This person can be someone in your family or can be a boyfriend or girlfriend, someone living with you, a relative, a parent or carer, or even your parents’ partner.

Domestic violence can happen to you, or someone else in your family, e.g. violence between your parents. If you see it happening to someone else in your family you should still report it.

You can also be a victim of domestic violence even where you are not directly involved. This is called exposure to domestic violence and it includes situations where you hear or witness domestic violence occurring. For example you could be exposed to domestic violence by:

  • Overhearing threats of physical abuse by one family member towards another family member;
  • Seeing or hearing an assault of a family member by another family member;
  • Comforting or providing assistance to a family member who has been physically abused by another family member;
  • Cleaning up a mess after a family member has intentionally damaged another family member’s property;
  • Being present when Police officers attend an incident involving physical abuse of a family member by another family member.

What can I do?

Domestic violence is unacceptable. If you see it occur or are a victim of it, you should report it. Everyone has a right to be safe from any type of violence.

Tell someone

If you feel unsafe in your home because of the violence that is happening, it is important to talk to someone. If you do not speak to anyone, or report what is happening, then no one will know what is going on and they can’t help you. You could talk to an adult you trust and feel comfortable with, like a family friend or your teacher. Below is a list of important contacts you can call if you need to talk to someone else.

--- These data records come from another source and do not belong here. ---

lemma pullback_id_id:
  assumes "X \<in> Obj C"
  shows "is_pullback C (Id C X) (Id C X) (Id C X) (Id C X)"
proof -
  have I: "Id C X \<in> Arr C" "Dom C (Id C X) = X" "Cod C (Id C X) = X"
    using id_hom[OF assms] by (auto simp: hom_def)
  have unique: "\<exists>!h. hom C (Dom C x) X h \<and> h \<Zcomp> Id C X = x \<and> h \<Zcomp> Id C X = y"
    if "hom C (Dom C x) X x" "hom C (Dom C x) X y" "x \<Zcomp> Id C X = y \<Zcomp> Id C X" for x y
  proof (rule ex1I)
    show "hom C (Dom C x) X x \<and> x \<Zcomp> Id C X = x \<and> x \<Zcomp> Id C X = y"
      using that by (simp add: hom_def)
  next
    fix h assume "hom C (Dom C x) X h \<and> h \<Zcomp> Id C X = x \<and> h \<Zcomp> Id C X = y"
    then show "h = x" by (auto simp: hom_def)
  qed
  show ?thesis
    unfolding is_pullback_def I(2,3) using I(1) id_hom[OF assms] unique by blast
qed

lemma corel_eq_postcomp:
  assumes "m \<in> M" "hom C Q Q' m" "hom C X Q i" "hom C Y Q j"
  shows "corel_eq C M (i, j) (i \<Zcomp> m, j \<Zcomp> m)"
  using assms unfolding corel_eq_def corel_step_def hom_def by (auto intro!: r_into_rtranclp)

lemma span_iso_pushout_corel_eq:
  assumes iso_M: "\<And>u. iso C u \<Longrightarrow> u \<in> M" and si: "span_iso C (f, g) (f', g')"
    and po: "is_pushout C f g i j" and po': "is_pushout C f' g' i' j'"
  shows "corel_eq C M (i, j) (i', j')"
proof -
  obtain u where u: "iso C u" "hom C (Dom C f) (Dom C f') u" "u \<Zcomp> f' = f" "u \<Zcomp> g' = g"
    using si unfolding span_iso_def by auto
  have "is_pushout C f g i' j'"
    using pushout_precomp_iso[OF po' u(1,2)] u(3,4) by simp
  then obtain h where h: "iso C h" "hom C (Cod C i) (Cod C i') h" "i \<Zcomp> h = i'" "j \<Zcomp> h = j'"
    by (rule pushout_unique_iso[OF po])
  show ?thesis
    using corel_eq_postcomp[OF iso_M[OF h(1)] h(2) pushoutD(3,4)[OF po]] h(3,4) by simp
qed

end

PART 2: Intervention Orders and the Protected Person (Victim)

What will happen if I report domestic violence to Police?

Police will help you to obtain an Intervention Order – previously known as Restraining Orders.

What is an Intervention Order?

An Intervention Order is a court Order against a person who makes you fear for your safety, to protect you from further violence, intimidation or harassment. The person you fear (known as the defendant) must obey the Order made by the court. An Intervention Order prohibits the defendant from assaulting, harassing, threatening, stalking, or intimidating you. An Order can be made against anyone you fear including a spouse, a relative, a neighbour or someone with whom you have had an intimate relationship. If you fear for your children’s safety, you can include them in your application.

How to apply for an Intervention Order

If you have been assaulted, threatened or have had property damaged, call the Police or go to a Police station to make a report. The Police have the power to issue an interim (temporary) Intervention Order if the defendant is present or in custody. An Intervention Order starts once the Police hand it to the defendant.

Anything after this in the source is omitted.